(Stored data entries)
┄┄┄┄┄┄┄┄┄┄
lemma norm_mult_transpose_entry: "norm (A$i$j) * norm (A$j$i) = 1"
  by (metis mult_transpose_entry norm_mult norm_one)

lemma cadj_eq_iff_unimodular: "cadj A = A \<longleftrightarrow> (\<forall>i j. norm (A$i$j) = 1)"
proof -
  have "cnj (A$j$i) = A$i$j \<longleftrightarrow> norm (A$j$i) = 1" for i j
  proof -
    have "cnj (A$j$i) = A$i$j \<longleftrightarrow> A$j$i * cnj (A$j$i) = 1"
      using mult_transpose_entry[of j i]
      by (metis mult.commute mult_cancel_left mult_zero_right zero_neq_one)
    also have "\<dots> \<longleftrightarrow> norm (A$j$i) = 1"
      by (simp add: complex_norm_square[symmetric] power2_eq_1_iff del: of_real_power)
        (smt (verit) norm_ge_zero)
    finally show ?thesis .
  qed
  then show ?thesis by (auto simp: cadj_def vec_eq_iff)
qed

lemma scaled_idempotent:
  "(\<chi> i j. A$i$j / of_nat CARD('n)) ** (\<chi> i j. A$i$j / of_nat CARD('n)) = (\<chi> i j. A$i$j / of_nat CARD('n))"
proof -
  have "(\<Sum>k\<in>UNIV. A$i$k / of_nat CARD('n) * (A$k$j / of_nat CARD('n)))
      = (\<Sum>k\<in>(UNIV::'n set). A$i$j / (of_nat CARD('n))\<^sup>2)" for i j
    by (intro sum.cong) (simp_all add: cocycle[symmetric] power2_eq_square)
  then show ?thesis by (simp add: matrix_matrix_mult_def vec_eq_iff power2_eq_square)
qed

lemma orth_proj_scaled_iff: "orth_proj (\<chi> i j. A$i$j / of_nat CARD('n)) \<longleftrightarrow> cadj A = A"
  by (simp add: orth_proj_def scaled_idempotent cadj_def vec_eq_iff)

lemma mult_column: "A *v column k A = real CARD('n) *\<^sub>R column k A"
proof -
  have "(\<Sum>j\<in>UNIV. A$i$j * A$j$k) = (\<Sum>j\<in>(UNIV::'n set). A$i$k)" for i
    by (intro sum.cong) (simp_all add: cocycle[symmetric])
  then show ?thesis
    by (simp add: matrix_vector_mult_def column_def vec_eq_iff) (simp add: scaleR_conv_of_real)
qed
┄┄┄┄┄┄┄┄┄┄
## Problem details
Nothing in the entries above should differ when you return them in full.

## Response
lemma norm_mult_transpose_entry: "norm (A$i$j) * norm (A$j$i) = 1"
  by (metis mult_transpose_entry norm_mult norm_one)

lemma cadj_eq_iff_unimodular: "cadj A = A \<longleftrightarrow> (\<forall>i j. norm (A$i$j) = 1)"
proof -
  have "cnj (A$j$i) = A$i$j \<longleftrightarrow> norm (A$j$i) = 1" for i j
  proof -
    have "cnj (A$j$i) = A$i$j \<longleftrightarrow> A$j$i * cnj (A$j$i) = 1"
      using mult_transpose_entry[of j i]
      by (metis mult.commute mult_cancel_left mult_zero_right zero_neq_one)
    also have "\<dots> \<longleftrightarrow> norm (A$j$i) = 1"
      by (simp add: complex_norm_square[symmetric] power2_eq_1_iff del: of_real_power)
        (smt (verit) norm_ge_zero)
    finally show ?thesis .
  qed
  then show ?thesis by (auto simp: cadj_def vec_eq_iff)
qed

lemma scaled_idempotent:
  "(\<chi> i j. A$i$j / of_nat CARD('n)) ** (\<chi> i j. A$i$j / of_nat CARD('n)) = (\<chi> i j. A$i$j / of_nat CARD('n))"
proof -
  have "(\<Sum>k\<in>UNIV. A$i$k / of_nat CARD('n) * (A$k$j / of_nat CARD('n)))
      = (\<Sum>k\<in>(UNIV::'n set). A$i$j / (of_nat CARD('n))\<^sup>2)" for i j
    by (intro sum.cong) (simp_all add: cocycle[symmetric] power2_eq_square)
  then show ?thesis by (simp add: matrix_matrix_mult_def vec_eq_iff power2_eq_square)
qed

lemma orth_proj_scaled_iff: "orth_proj (\<chi> i j. A$i$j / of_nat CARD('n)) \<longleftrightarrow> cadj A = A"
  by (simp add: orth_proj_def scaled_idempotent cadj_def vec_eq_iff)

lemma mult_column: "A *v column k A = real CARD('n) *\<^sub>R column k A"
proof -
  have "(\<Sum>j\<in>UNIV. A$i$j * A$j$k) = (\<Sum>j\<in>(UNIV::'n set). A$i$k)" for i
    by (intro sum.cong) (simp_all add: cocycle[symmetric])
  then show ?thesis
    by (simp add: matrix_vector_mult_def column_def vec_eq_iff) (simp add: scaleR_conv_of_real)
qed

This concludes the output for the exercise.